'I don't know,' Jack said, looking carefully around the odd interior of the Scripture Home.
Long couches covered with a dark blue fabric sat against the wall on the forest-green carpet; two massive leather-topped desks had been placed against the opposite wall. At one of the desks a pimply teenager glanced at them dully, then returned to the video screen before him, where a TV preacher was inveighing against rock and roll. The teenage boy seated at the adjoining desk straightened up and fixed Jack with an aggressive stare. He was slim and black-haired and his narrow face looked clever and bad-tempered. To the pocket of his white turtleneck sweater was pinned a rectangular name-plate of the sort worn by soldiers: SINGER.
'But I do think we have met each other somewhere, don't you, my lad? I assure you, we must have - I don't forget, I am literally incapable of forgetting, the face of a boy I have encountered. Have you ever been in trouble before this, Jack?'
Jack said, 'I never saw you before.'
Across the room, a massive boy had lifted himself off one of the blue couches and was now standing at attention. He too wore a white turtleneck sweater and a military nameplate. His hands wandered nervously from his sides to his belt, into the pockets of his blue jeans, back to his sides. He was at least six-three and seemed to weigh nearly three hundred pounds. Acne burned across his cheeks and forehead. This, clearly, was Bast.
'Well, perhaps it will come to me later,' Sunlight Gardener said. 'Heck, come up here and help our new arrivals at the desk, will you?'
Bast lumbered forward, scowling. He made a point of coming up very close to Wolf before he sidestepped past him, scowling more fiercely all the while - if Wolf had opened his eyes, which he did not, he would have seen no more than the ravaged moonscape of Bast's forehead and the mean small eyes, like a bear's eyes, bulging up at him from beneath crusty brows. Bast switched his gaze to Jack, muttered, 'C'mon,' and flapped a hand toward the desk.

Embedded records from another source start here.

(* Let $\tilde{\lambda}$ be such that there is a real number $c>-1$ with \[ 1=\sqrt{c+1}+2\tilde{\lambda}^2\log\Big(1+\frac{1}{\sqrt{c+1}}\Big), \] and fix such a $c$. Let $\rho(Y):=\frac{2\tilde{\lambda}^2}{\sqrt{Y}}$ for $Y\geq 1$ and define, for $X\geq 1$, \[ W(X):=\sqrt{X+c}+\frac{2\tilde{\lambda}^2}{\sqrt{X}}\log\Big(\frac{(\sqrt{X+c}+\sqrt{X})(\sqrt{X}+1)}{\sqrt{X}\sqrt{1+c}+\sqrt{X+c}}\Big). \] Then $W$ solves the integral equation \[ W(X)^2+\int_1^{\infty}dY\,\rho(Y)\,\frac{W(X)-W(Y)}{X-Y}= X+\int_1^{\infty}dY\,\rho(Y)\,\frac{W(1)-W(Y)}{1-Y}\qquad (X\geq 1), \] understood with the two integrals combined into the single (convergent) integral $\int_1^\infty dY\,\rho(Y)\big[\frac{W(X)-W(Y)}{X-Y}-\frac{W(1)-W(Y)}{1-Y}\big]$ on the left, so that the equation reads $W(X)^2+\int_1^\infty dY\,\rho(Y)\big[\frac{W(X)-W(Y)}{X-Y}-\frac{W(1)-W(Y)}{1-Y}\big]=X$; difference quotients at coinciding arguments are understood by continuous extension.
   Context: This is the integral equation satisfied (in the large-matrix limit) by the renormalised one-point function of the $\Phi^3$ matrix model with linearly spaced eigenvalues $e(x)=x$ of the external matrix, in the variable $X=(2x+1)^2$, with normalisation $W(1)=1$. Square roots and logarithms are the real positive ones. *)

theory Defs
  imports "HOL-Analysis.Analysis"
begin

definition Wfun :: "real \<Rightarrow> real \<Rightarrow> real \<Rightarrow> real" where
  "Wfun lam c X = sqrt (X + c) + 2 * lam^2 / sqrt X *
     ln ((sqrt (X + c) + sqrt X) * (sqrt X + 1) / (sqrt X * sqrt (1 + c) + sqrt (X + c)))"

definition rho :: "real \<Rightarrow> real \<Rightarrow> real" where
  "rho lam Y = 2 * lam^2 / sqrt Y"

definition dq :: "(real \<Rightarrow> real) \<Rightarrow> real \<Rightarrow> real \<Rightarrow> real" where
  "dq f a b = (if a = b then deriv f a else (f a - f b) / (a - b))"

end

theory Submission
  imports Defs "HOL-Real_Asymp.Real_Asymp"
begin

(* The logarithm in W is the closed form of an integral: W(X) = sqrt (X + c) + lam^2 G(X) with
   G(X) = \<integral>\<^sub>1\<^sup>\<infinity> dZ / (sqrt Z sqrt (Z + c) (sqrt (X + c) + sqrt (Z + c))).
   In this form the difference quotient (W(X) - W(Y)) / (X - Y) is a partial fraction in sqrt (X + c) and
   sqrt (Y + c), and the part of the integral quadratic in lam^2 is a double integral whose integrand,
   symmetrised by Fubini, is the product of two kernels: the weights sqrt (Y + c) / (sqrt (Y + c) + sqrt (Z + c))
   and sqrt (Z + c) / (sqrt (Y + c) + sqrt (Z + c)) add up to 1. It therefore equals G(X)^2 / 2, and collecting
   terms gives W(X)^2 + \<integral> ... = (X + c) + W(1)^2 - (1 + c), which is X by the normalisation W(1) = 1. *)

lemma has_integral_atLeast_FTC_nonneg:
  fixes f F :: "real \<Rightarrow> real"
  assumes deriv: "\<And>x. a < x \<Longrightarrow> (F has_real_derivative f x) (at x)"
    and cont: "\<And>x. a < x \<Longrightarrow> isCont f x"
    and nonneg: "\<And>x. a < x \<Longrightarrow> 0 \<le> f x"
    and F_a: "isCont F a"
    and F_top: "(F \<longlongrightarrow> B) at_top"
  shows "(f has_integral B - F a) {a..}"
proof -
  have left: "((F \<circ> real_of_ereal) \<longlongrightarrow> F a) (at_right (ereal a))"
    unfolding ereal_tendsto_simps1 using F_a by (simp add: isCont_def filterlim_at_split)
  have right: "((F \<circ> real_of_ereal) \<longlongrightarrow> B) (at_left \<infinity>)"
    unfolding ereal_tendsto_simps1 using F_top .
  have "ereal a < \<infinity>" by simp
  from interval_integral_FTC_nonneg[OF this _ _ _ left right] deriv cont nonneg
  have f_int: "set_integrable lborel {a<..} f" and "(LBINT x=ereal a..\<infinity>. f x) = B - F a"
    by (auto simp: einterval_iff)
  then have "(f has_integral B - F a) {a<..}"
    using set_borel_integral_eq_integral[OF f_int]
    by (simp add: interval_lebesgue_integral_def has_integral_integral)
  moreover have "negligible {x \<in> {a..} - {a<..}. f x \<noteq> 0}" "negligible {x \<in> {a<..} - {a..}. f x \<noteq> 0}"
    by (rule negligible_subset[of "{a}"]; auto)+
  ultimately show ?thesis
    using has_integral_spike_set_eq by blast
qed

lemma (in sigma_finite_measure) nn_integral_symmetric_product_split:
  assumes f_meas: "case_prod f \<in> borel_measurable (M \<Otimes>\<^sub>M M)" and g_meas: "g \<in> borel_measurable M"
    and split: "\<And>x y. x \<in> space M \<Longrightarrow> y \<in> space M \<Longrightarrow> f x y + f y x = g x * g y"
  shows "2 * (\<integral>\<^sup>+x. \<integral>\<^sup>+y. f x y \<partial>M \<partial>M) = (\<integral>\<^sup>+x. g x \<partial>M)\<^sup>2"
proof -
  interpret pair_sigma_finite M M
    by unfold_locales
  note [measurable] = f_meas g_meas
  have "2 * (\<integral>\<^sup>+x. \<integral>\<^sup>+y. f x y \<partial>M \<partial>M)
      = (\<integral>\<^sup>+x. \<integral>\<^sup>+y. f x y \<partial>M \<partial>M) + (\<integral>\<^sup>+x. \<integral>\<^sup>+y. f y x \<partial>M \<partial>M)"
    using Fubini'[OF f_meas] by (simp add: mult_2)
  also have "\<dots> = (\<integral>\<^sup>+x. (\<integral>\<^sup>+y. f x y \<partial>M) + (\<integral>\<^sup>+y. f y x \<partial>M) \<partial>M)"
    by (rule nn_integral_add[symmetric]) measurable
  also have "\<dots> = (\<integral>\<^sup>+x. \<integral>\<^sup>+y. f x y + f y x \<partial>M \<partial>M)"
    by (intro nn_integral_cong nn_integral_add[symmetric]) measurable
  also have "\<dots> = (\<integral>\<^sup>+x. \<integral>\<^sup>+y. g x * g y \<partial>M \<partial>M)"
    using split by (intro nn_integral_cong) simp
  also have "\<dots> = (\<integral>\<^sup>+x. g x \<partial>M)\<^sup>2"
    using g_meas by (simp add: nn_integral_cmult nn_integral_multc power2_eq_square)
  finally show ?thesis .
qed

lemma has_integral_integral_of_iterated_nn_integral:
  fixes f :: "real \<Rightarrow> real \<Rightarrow> real" and S :: "real set"
  assumes S: "S \<in> sets borel"
    and f_meas: "case_prod f \<in> borel_measurable (lborel \<Otimes>\<^sub>M lborel)"
    and f_nonneg: "\<And>x y. x \<in> S \<Longrightarrow> y \<in> S \<Longrightarrow> 0 \<le> f x y"
    and f_int: "\<And>x. x \<in> S \<Longrightarrow> f x integrable_on S"
    and iterated: "(\<integral>\<^sup>+x. \<integral>\<^sup>+y. ennreal (f x y) * indicator S x * indicator S y \<partial>lborel \<partial>lborel) = ennreal r"
    and r: "0 \<le> r"
  shows "((\<lambda>x. integral S (f x)) has_integral r) S"
proof -
  have [measurable]: "S \<in> sets lborel"
    using S by simp
  note [measurable] = f_meas
  have inner: "(\<integral>\<^sup>+y. ennreal (f x y) * indicator S x * indicator S y \<partial>lborel)
      = ennreal (indicator S x * integral S (f x))" for x
  proof (cases "x \<in> S")
    case True
    then have "(\<integral>\<^sup>+y. ennreal (f x y) * indicator S x * indicator S y \<partial>lborel)
        = (\<integral>\<^sup>+y. ennreal (f x y) * indicator S y \<partial>lborel)"
      by simp
    also have "\<dots> = ennreal (integral S (f x))"
      using True f_nonneg f_int by (intro nn_integral_has_integral_lebesgue' integrable_integral) auto
    finally show ?thesis using True by simp
  qed simp
  define h where "h x = indicator S x * integral S (f x)" for x
  have h_nonneg: "0 \<le> h x" for x
    unfolding h_def using f_int f_nonneg by (auto intro: integral_nonneg simp: indicator_def)
  have "h \<in> borel_measurable lborel"
  proof -
    have "(\<lambda>x. enn2real (\<integral>\<^sup>+y. ennreal (f x y) * indicator S x * indicator S y \<partial>lborel))
        \<in> borel_measurable lborel"
      by measurable
    then show ?thesis
      by (simp add: inner h_def[symmetric] h_nonneg)
  qed
  moreover have "(\<integral>\<^sup>+x. h x \<partial>lborel) = ennreal r"
    using iterated unfolding inner h_def .
  ultimately have "(h has_integral r) UNIV"
    using r by (intro nn_integral_has_integral h_nonneg) auto
  then have "((\<lambda>x. if x \<in> S then integral S (f x) else 0) has_integral r) UNIV"
    by (rule has_integral_cong[THEN iffD1, rotated]) (simp add: h_def)
  then show ?thesis
    unfolding has_integral_restrict_UNIV .
qed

'Registration, then take them up to the laundry for clothes,' Gardener said in a flat voice. He smiled with chromelike brilliance at Jack. 'Jack Parker,' he said softly. 'I wonder who you really are, Jack Parker. Bast, make sure everything is out of his pockets.'
Bast grinned.
Sunlight Gardener drifted across the room toward an obviously impatient Franky Williams and languidly withdrew a long leather wallet from his jacket's inside pocket. Jack saw him begin to count money out into the policeman's hands.
'Pay attention, snotface,' said the boy behind the desk, and Jack snapped around to face him. The boy was playing with a pencil, the smirk on his face an utterly inadequate disguise for what seemed to Jack's keyed-up perceptions his characteristic anger - a rage that bubbled far down within him, eternally stoked. 'Can he write?'
'Jeez, I don't think so,' Jack said.
'Then you'll have to sign in for him.' Singer shoved two legal-sized sheets of paper at him. 'Print on the top line, write on the bottom one. Where the X's are.' He fell back into his chair, raising the pencil to his lips, and slumped eloquently into its corner. Jack supposed that was a trick learned from the very Reverend Sunlight Gardener.
JACK PARKER, he printed, and scrawled something like that at the bottom of the sheet. PHILIP JACK WOLF. Another scrawl, even less like his real handwriting.
'Now you're wards of the State of Indiana, and that's what you'll be for the next thirty days, unless you decide to stay longer.' Singer twitched the papers back toward himself. 'You'll be - '
'Decide?' Jack asked. 'What do you mean, decide?'
A trifle of red grew smooth beneath Singer's cheeks. He jerked his head to one side and seemed to smile. 'I guess you don't know that over sixty percent of our kids are here voluntarily. It's possible, yeah. You could decide to stay here.'
Jack tried to keep his face expressionless.
Singer's mouth twitched violently, as if a fishhook had snagged it. 'This is a pretty good place, and if I ever hear you ranking it I'll pound the shit out of you - it's the best place you've ever been in, I'm sure. I'll tell you another thing: you got no choice. You have to respect the Sunlight Home. You understand?'
Jack nodded his head.
'How about him? Does he?'
Jack looked up at Wolf, who was blinking slowly and breathing through his mouth.